The annotations accompanying an assembly are obtained from a variety of sources. The UCSC Genome Bioinformatics Group generates several of the tracks; the remainder are contributed by collaborators at other sites. Each track has an associated description page that credits the authors of the annotation.

For detailed information about the individuals and organizations who contributed to a specific assembly, see the Credits page.



  Comparison of UCSC and NCBI human assemblies
 

Question:
"How do the human assemblies displayed in the UCSC Genome Browser differ from the NCBI human assemblies?

Response:
Recent human assemblies displayed in the Genome Browser (hg10 and higher) are identical to the NCBI assemblies.



  Differences between UCSC and NCBI mouse assemblies
 

Question:
"Is the mouse genome assembly displayed in the UCSC Genome Browser the same as the one on the NCBI website?"

Response:
The mouse genome assemblies featured in the UCSC Genome Browser are the same as those on the NCBI web site with one difference: the UCSC versions contain only the reference strain data (C57BL/6J).
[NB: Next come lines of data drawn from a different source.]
(* Let $G$ be a cop-win graph of corner rank $\alpha\ge2$. No vertex of corner rank $\alpha-1$ is adjacent to every vertex of corner rank $\alpha-1$.
   Context: All graphs are finite, nonempty, and reflexive (every vertex has a loop, so each vertex is adjacent to itself). $N[v]$ is the closed neighborhood of $v$ (including $v$). For distinct $v,w$, $w$ strictly corners $v$ if $N[v]\subsetneq N[w]$; $v$ is then a strict corner. Corner ranking: set $G^{(1)}=G$, $k=1$. If $G^{(k)}$ is a clique, give all its vertices rank $k$ and stop. Else if $G^{(k)}$ has no strict corners, give all its vertices rank $\infty$ and stop. Else give every strict corner of $G^{(k)}$ rank $k$, delete them to get $G^{(k+1)}$ (induced subgraph), increase $k$ and repeat. The corner rank of $G$ is the largest rank of a vertex; cop-win graphs are exactly those of finite corner rank. *)

theory Defs
  imports Main "HOL-Library.Extended_Nat"
begin

definition reflexive_graph :: "'a set \<Rightarrow> ('a \<Rightarrow> 'a \<Rightarrow> bool) \<Rightarrow> bool" where
  "reflexive_graph V E \<longleftrightarrow> finite V \<and> V \<noteq> {} \<and> (\<forall>v\<in>V. E v v)
     \<and> (\<forall>v\<in>V. \<forall>w\<in>V. E v w \<longleftrightarrow> E w v)"

definition closed_nbhd :: "('a \<Rightarrow> 'a \<Rightarrow> bool) \<Rightarrow> 'a set \<Rightarrow> 'a \<Rightarrow> 'a set" where
  "closed_nbhd E S v = {w \<in> S. E v w}"

definition strict_corners :: "('a \<Rightarrow> 'a \<Rightarrow> bool) \<Rightarrow> 'a set \<Rightarrow> 'a set" where
  "strict_corners E S = {v \<in> S. \<exists>w\<in>S. w \<noteq> v \<and> closed_nbhd E S v \<subset> closed_nbhd E S w}"

definition is_clique :: "('a \<Rightarrow> 'a \<Rightarrow> bool) \<Rightarrow> 'a set \<Rightarrow> bool" where
  "is_clique E S \<longleftrightarrow> (\<forall>u\<in>S. \<forall>w\<in>S. E u w)"

text \<open>corner_stage V E k is G^(k+1) (0-indexed).  Once a stage is a clique or has
  no strict corners, it stays constant, so we may iterate unconditionally.\<close>
fun corner_stage :: "'a set \<Rightarrow> ('a \<Rightarrow> 'a \<Rightarrow> bool) \<Rightarrow> nat \<Rightarrow> 'a set" where
  "corner_stage V E 0 = V"
| "corner_stage V E (Suc k) = corner_stage V E k - strict_corners E (corner_stage V E k)"

definition assigned_at :: "'a set \<Rightarrow> ('a \<Rightarrow> 'a \<Rightarrow> bool) \<Rightarrow> 'a \<Rightarrow> nat \<Rightarrow> bool" where
  "assigned_at V E v k \<longleftrightarrow>
     (if is_clique E (corner_stage V E k) then v \<in> corner_stage V E k
      else v \<in> strict_corners E (corner_stage V E k))"

definition corner_rank_of :: "'a set \<Rightarrow> ('a \<Rightarrow> 'a \<Rightarrow> bool) \<Rightarrow> 'a \<Rightarrow> enat" where
  "corner_rank_of V E v =
     (if \<exists>k. assigned_at V E v k then enat (Suc (LEAST k. assigned_at V E v k)) else \<infinity>)"

definition corner_rank :: "'a set \<Rightarrow> ('a \<Rightarrow> 'a \<Rightarrow> bool) \<Rightarrow> enat" where
  "corner_rank V E = Max (corner_rank_of V E ` V)"

definition cop_win :: "'a set \<Rightarrow> ('a \<Rightarrow> 'a \<Rightarrow> bool) \<Rightarrow> bool" where
  "cop_win V E \<longleftrightarrow> corner_rank V E \<noteq> \<infinity>"

end

theory Submission
  imports Defs
begin

text \<open>Write \<open>\<alpha> = k + 2\<close>. The \<open>(k+1)\<close>-st stage of the ranking is not a clique, its strict
  corners are exactly the vertices of rank \<open>\<alpha> - 1\<close>, and deleting them leaves a clique.
  Suppose a strict corner \<open>v\<close> of that stage were adjacent to all its strict corners.
  A maximal strict dominator \<open>u\<close> of \<open>v\<close> is not a corner, so it is adjacent to all
  non-corners (clique) and to all corners (through \<open>N[v] \<subset> N[u]\<close>); thus \<open>N[u]\<close> is the
  whole stage. Every non-corner \<open>z\<close> then has \<open>N[z] = N[u]\<close>, hence is adjacent to \<open>v\<close>,
  so \<open>N[v]\<close> is the whole stage as well, contradicting \<open>N[v] \<subset> N[u]\<close>.\<close>

lemma corner_stage_antimono: "j \<le> k \<Longrightarrow> corner_stage V E k \<subseteq> corner_stage V E j"
  by (induction k rule: dec_induct) auto

lemma corner_stage_subset: "corner_stage V E k \<subseteq> V"
  using corner_stage_antimono[of 0 k V E] by simp

lemma strict_corners_subset: "strict_corners E S \<subseteq> S"
  unfolding strict_corners_def by auto

lemma strict_corner_dominated_by_non_corner:
  assumes "finite S" "v \<in> strict_corners E S"
  obtains u where "u \<in> S - strict_corners E S"
    and "closed_nbhd E S v \<subset> closed_nbhd E S u"
proof -
  let ?N = "closed_nbhd E S"
  define D where "D = {u \<in> S. ?N v \<subset> ?N u}"
  have "finite (?N ` D)" "?N ` D \<noteq> {}"
    using assms unfolding D_def strict_corners_def by auto
  then obtain M where "M \<in> ?N ` D" and maximal: "\<forall>M'\<in>?N ` D. M \<subseteq> M' \<longrightarrow> M = M'"
    using finite_has_maximal by meson
  then obtain u where uD: "u \<in> D" and "M = ?N u"
    by blast
  have "u \<notin> strict_corners E S"
  proof
    assume "u \<in> strict_corners E S"
    then obtain w where "w \<in> S" "?N u \<subset> ?N w"
      unfolding strict_corners_def by auto
    moreover from this uD have "w \<in> D"
      unfolding D_def by auto
    ultimately show False
      using maximal \<open>M = ?N u\<close> by blast
  qed
  with uD show thesis
    using that unfolding D_def by blast
qed

lemma no_strict_corner_adjacent_to_all_strict_corners:
  assumes "finite S"
    and sym: "\<And>x y. x \<in> S \<Longrightarrow> y \<in> S \<Longrightarrow> E x y \<longleftrightarrow> E y x"
    and clique: "is_clique E (S - strict_corners E S)"
    and v: "v \<in> strict_corners E S"
    and adj: "\<And>z. z \<in> strict_corners E S \<Longrightarrow> E v z"
  shows False
proof -
  let ?N = "closed_nbhd E S"
  obtain u where u: "u \<in> S - strict_corners E S" and vu: "?N v \<subset> ?N u"
    using strict_corner_dominated_by_non_corner[OF \<open>finite S\<close> v] .
  have vS: "v \<in> S"
    using v strict_corners_subset[of E S] by blast
  have Nu: "?N u = S"
  proof -
    have "z \<in> ?N u" if "z \<in> S" for z
    proof (cases "z \<in> strict_corners E S")
      case True
      then have "z \<in> ?N v"
        using adj \<open>z \<in> S\<close> unfolding closed_nbhd_def by simp
      with vu show ?thesis by blast
    next
      case False
      with u \<open>z \<in> S\<close> clique show ?thesis
        unfolding is_clique_def closed_nbhd_def by auto
    qed
    then show ?thesis
      unfolding closed_nbhd_def by auto
  qed
  have "z \<in> ?N v" if zS: "z \<in> S" for z
  proof (cases "z \<in> strict_corners E S")
    case True
    with adj zS show ?thesis
      unfolding closed_nbhd_def by simp
  next
    case False
    have "?N z \<subseteq> ?N u"
      using Nu unfolding closed_nbhd_def by auto
    moreover have "\<not> ?N z \<subset> ?N u"
    proof
      assume "?N z \<subset> ?N u"
      moreover from this have "z \<noteq> u"
        by blast
      ultimately have "z \<in> strict_corners E S"
        using zS u unfolding strict_corners_def by (simp add: bexI[of _ u])
      with False show False
        by contradiction
    qed
    ultimately have "?N z = ?N u"
      by blast
    then have "E z v"
      using Nu vS unfolding closed_nbhd_def by auto
    with sym zS vS show ?thesis
      unfolding closed_nbhd_def by simp
  qed
  then have "?N v = S"
    unfolding closed_nbhd_def by auto
  with Nu vu show False
    by simp
qed

lemma corner_rank_of_eq_enat_Suc_iff:
  "corner_rank_of V E z = enat (Suc m) \<longleftrightarrow>
     assigned_at V E z m \<and> (\<forall>j<m. \<not> assigned_at V E z j)"
proof
  assume rank: "corner_rank_of V E z = enat (Suc m)"
  then have ex: "\<exists>j. assigned_at V E z j"
    unfolding corner_rank_of_def by (auto split: if_splits)
  with rank have "(LEAST j. assigned_at V E z j) = m"
    unfolding corner_rank_of_def by simp
  with LeastI_ex[OF ex] not_less_Least[of _ "assigned_at V E z"]
  show "assigned_at V E z m \<and> (\<forall>j<m. \<not> assigned_at V E z j)"
    by simp
next
  assume least: "assigned_at V E z m \<and> (\<forall>j<m. \<not> assigned_at V E z j)"
  then have "(LEAST j. assigned_at V E z j) = m"
    by (intro Least_equality) (auto simp: not_less)
  with least show "corner_rank_of V E z = enat (Suc m)"
    unfolding corner_rank_of_def by auto
qed

lemma corner_rank_of_finiteE:
  assumes "corner_rank_of V E z \<noteq> \<infinity>"
  obtains m where "corner_rank_of V E z = enat (Suc m)"
proof -
  from assms have "\<exists>k. assigned_at V E z k"
    unfolding corner_rank_of_def by (auto split: if_splits)
  then show thesis
    using that[of "LEAST k. assigned_at V E z k"] unfolding corner_rank_of_def by simp
qed

lemma assigned_at_imp_mem_corner_stage: "assigned_at V E z m \<Longrightarrow> z \<in> corner_stage V E m"
  using strict_corners_subset[of E "corner_stage V E m"]
  unfolding assigned_at_def by (auto split: if_splits)

lemma not_assigned_at_before_stage:
  assumes "\<forall>j<m. \<not> is_clique E (corner_stage V E j)" "z \<in> corner_stage V E m" "j < m"
  shows "\<not> assigned_at V E z j"
proof -
  have "z \<in> corner_stage V E (Suc j)"
    using assms(2,3) corner_stage_antimono[of "Suc j" m V E] by auto
  with assms(1,3) show ?thesis
    unfolding assigned_at_def by simp
qed

lemma corner_rank_of_eq_iff_strict_corner:
  assumes "\<forall>j<Suc k. \<not> is_clique E (corner_stage V E j)"
  shows "corner_rank_of V E z = enat (Suc k) \<longleftrightarrow> z \<in> strict_corners E (corner_stage V E k)"
proof
  assume "corner_rank_of V E z = enat (Suc k)"
  with assms show "z \<in> strict_corners E (corner_stage V E k)"
    unfolding corner_rank_of_eq_enat_Suc_iff assigned_at_def by simp
next
  assume corner: "z \<in> strict_corners E (corner_stage V E k)"
  then have "z \<in> corner_stage V E k"
    using strict_corners_subset[of E "corner_stage V E k"] by blast
  with corner assms show "corner_rank_of V E z = enat (Suc k)"
    unfolding corner_rank_of_eq_enat_Suc_iff
    using not_assigned_at_before_stage[of k E V z] by (simp add: assigned_at_def)
qed

lemma corner_stages_of_corner_rank:
  assumes graph: "reflexive_graph V E" and rank: "corner_rank V E = enat (Suc (Suc k))"
  shows "\<forall>j<Suc k. \<not> is_clique E (corner_stage V E j)"
    and "is_clique E (corner_stage V E (Suc k))"
proof -
  let ?S = "corner_stage V E"
  have finV: "finite V" and "V \<noteq> {}"
    using graph unfolding reflexive_graph_def by auto
  then have "corner_rank V E \<in> corner_rank_of V E ` V"
    unfolding corner_rank_def by (intro Max_in) auto
  then obtain x where "x \<in> V" and "corner_rank_of V E x = enat (Suc (Suc k))"
    using rank by auto
  then have x_assigned: "assigned_at V E x (Suc k)"
    and x_not_earlier: "\<forall>j<Suc k. \<not> assigned_at V E x j"
    unfolding corner_rank_of_eq_enat_Suc_iff by auto
  have xS: "x \<in> ?S (Suc k)"
    using assigned_at_imp_mem_corner_stage[OF x_assigned] .
  show no_clique: "\<forall>j<Suc k. \<not> is_clique E (?S j)"
  proof (intro allI impI notI)
    fix j assume "j < Suc k" "is_clique E (?S j)"
    moreover from \<open>j < Suc k\<close> xS have "x \<in> ?S j"
      using corner_stage_antimono[of j "Suc k" V E] by auto
    ultimately show False
      using x_not_earlier unfolding assigned_at_def by auto
  qed
  have rank_le: "corner_rank_of V E y \<le> enat (Suc (Suc k))" if "y \<in> V" for y
  proof -
    have "corner_rank_of V E y \<le> Max (corner_rank_of V E ` V)"
      using finV that by (intro Max_ge) auto
    with rank show ?thesis
      unfolding corner_rank_def by simp
  qed
  show "is_clique E (?S (Suc k))"
  proof (rule ccontr)
    assume not_clique: "\<not> is_clique E (?S (Suc k))"
    have all_corners: "y \<in> strict_corners E (?S (Suc k))" if yS: "y \<in> ?S (Suc k)" for y
    proof -
      have yV: "y \<in> V"
        using yS corner_stage_subset[of V E "Suc k"] by blast
      then have "corner_rank_of V E y \<noteq> \<infinity>"
        using rank_le[OF yV] by (cases "corner_rank_of V E y") simp_all
      then obtain m where m: "corner_rank_of V E y = enat (Suc m)"
        by (rule corner_rank_of_finiteE)
      with rank_le[OF yV] have "m \<le> Suc k"
        by simp
      moreover from m have "assigned_at V E y m"
        unfolding corner_rank_of_eq_enat_Suc_iff by simp
      moreover from this have "\<not> m < Suc k"
        using not_assigned_at_before_stage[OF no_clique yS] by blast
      ultimately show ?thesis
        using not_clique unfolding assigned_at_def by (simp add: not_less)
    qed
    have "finite (?S (Suc k))"
      using finite_subset[OF corner_stage_subset finV] .
    then obtain u where "u \<in> ?S (Suc k) - strict_corners E (?S (Suc k))"
      and "closed_nbhd E (?S (Suc k)) x \<subset> closed_nbhd E (?S (Suc k)) u"
      using strict_corner_dominated_by_non_corner[OF _ all_corners[OF xS]] by blast
    with all_corners show False
      by blast
  qed
qed

theorem lemma3p18:
  fixes V :: "'a set" and E :: "'a \<Rightarrow> 'a \<Rightarrow> bool" and \<alpha> :: nat
  assumes "reflexive_graph V E"
    and "cop_win V E"
    and "corner_rank V E = enat \<alpha>"
    and "\<alpha> \<ge> 2"
  shows "\<not> (\<exists>v\<in>V. corner_rank_of V E v = enat (\<alpha> - 1) \<and>
            (\<forall>w\<in>V. corner_rank_of V E w = enat (\<alpha> - 1) \<longrightarrow> E v w))"
proof
  \<comment> \<open>\<open>cop_win V E\<close> is implied by the finite corner rank and not needed.\<close>
  obtain k where \<alpha>: "\<alpha> = Suc (Suc k)"
    using \<open>\<alpha> \<ge> 2\<close> by (metis add_2_eq_Suc le_Suc_ex)
  let ?S = "corner_stage V E k"
  have rank: "corner_rank V E = enat (Suc (Suc k))"
    using assms(3) \<alpha> by simp
  note rank_iff = corner_rank_of_eq_iff_strict_corner[OF corner_stages_of_corner_rank(1)[OF assms(1) rank]]
  assume "\<exists>v\<in>V. corner_rank_of V E v = enat (\<alpha> - 1) \<and>
            (\<forall>w\<in>V. corner_rank_of V E w = enat (\<alpha> - 1) \<longrightarrow> E v w)"
  then obtain v where "corner_rank_of V E v = enat (Suc k)"
    and adj: "\<And>w. w \<in> V \<Longrightarrow> corner_rank_of V E w = enat (Suc k) \<Longrightarrow> E v w"
    using \<alpha> by auto
  then have "v \<in> strict_corners E ?S"
    using rank_iff by blast
  moreover have "E v z" if "z \<in> strict_corners E ?S" for z
  proof -
    have "z \<in> V"
      using that strict_corners_subset[of E ?S] corner_stage_subset[of V E k] by blast
    with that show ?thesis
      using adj rank_iff by blast
  qed
  moreover have "is_clique E (?S - strict_corners E ?S)"
    using corner_stages_of_corner_rank(2)[OF assms(1) rank] by simp
  moreover have "finite ?S"
    using assms(1) finite_subset[OF corner_stage_subset] unfolding reflexive_graph_def by blast
  moreover have "E x y \<longleftrightarrow> E y x" if "x \<in> ?S" "y \<in> ?S" for x y
    using assms(1) that corner_stage_subset[of V E k] unfolding reflexive_graph_def by blast
  ultimately show False
    using no_strict_corner_adjacent_to_all_strict_corners[of ?S E v] by blast
qed

end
NCBI provides data for several additional strains in their builds.



  Accessing older assembly versions
 

Question:
"I need to access an older version of a genome assembly that's no longer listed in the Genome Browser menu. What should I do?"

Response:
In addition to the assembly versions currently available in the Genome Browser, you can access older versions of the browser through our archives. To view an older version, click the Archives link on the Genome Browser home page.



  Frequency of GenBank data updates
 

Question:
"How frequently does UCSC update its databases with new data from GenBank?"

Response:
Daily and weekly incremental updates of mRNA, RefSeq, and EST data are in place for several of the more recent Genome Browser assemblies. Assemblies that are not on an incremental update schedule are updated whenever we load a new assembly or make a major revision to a table.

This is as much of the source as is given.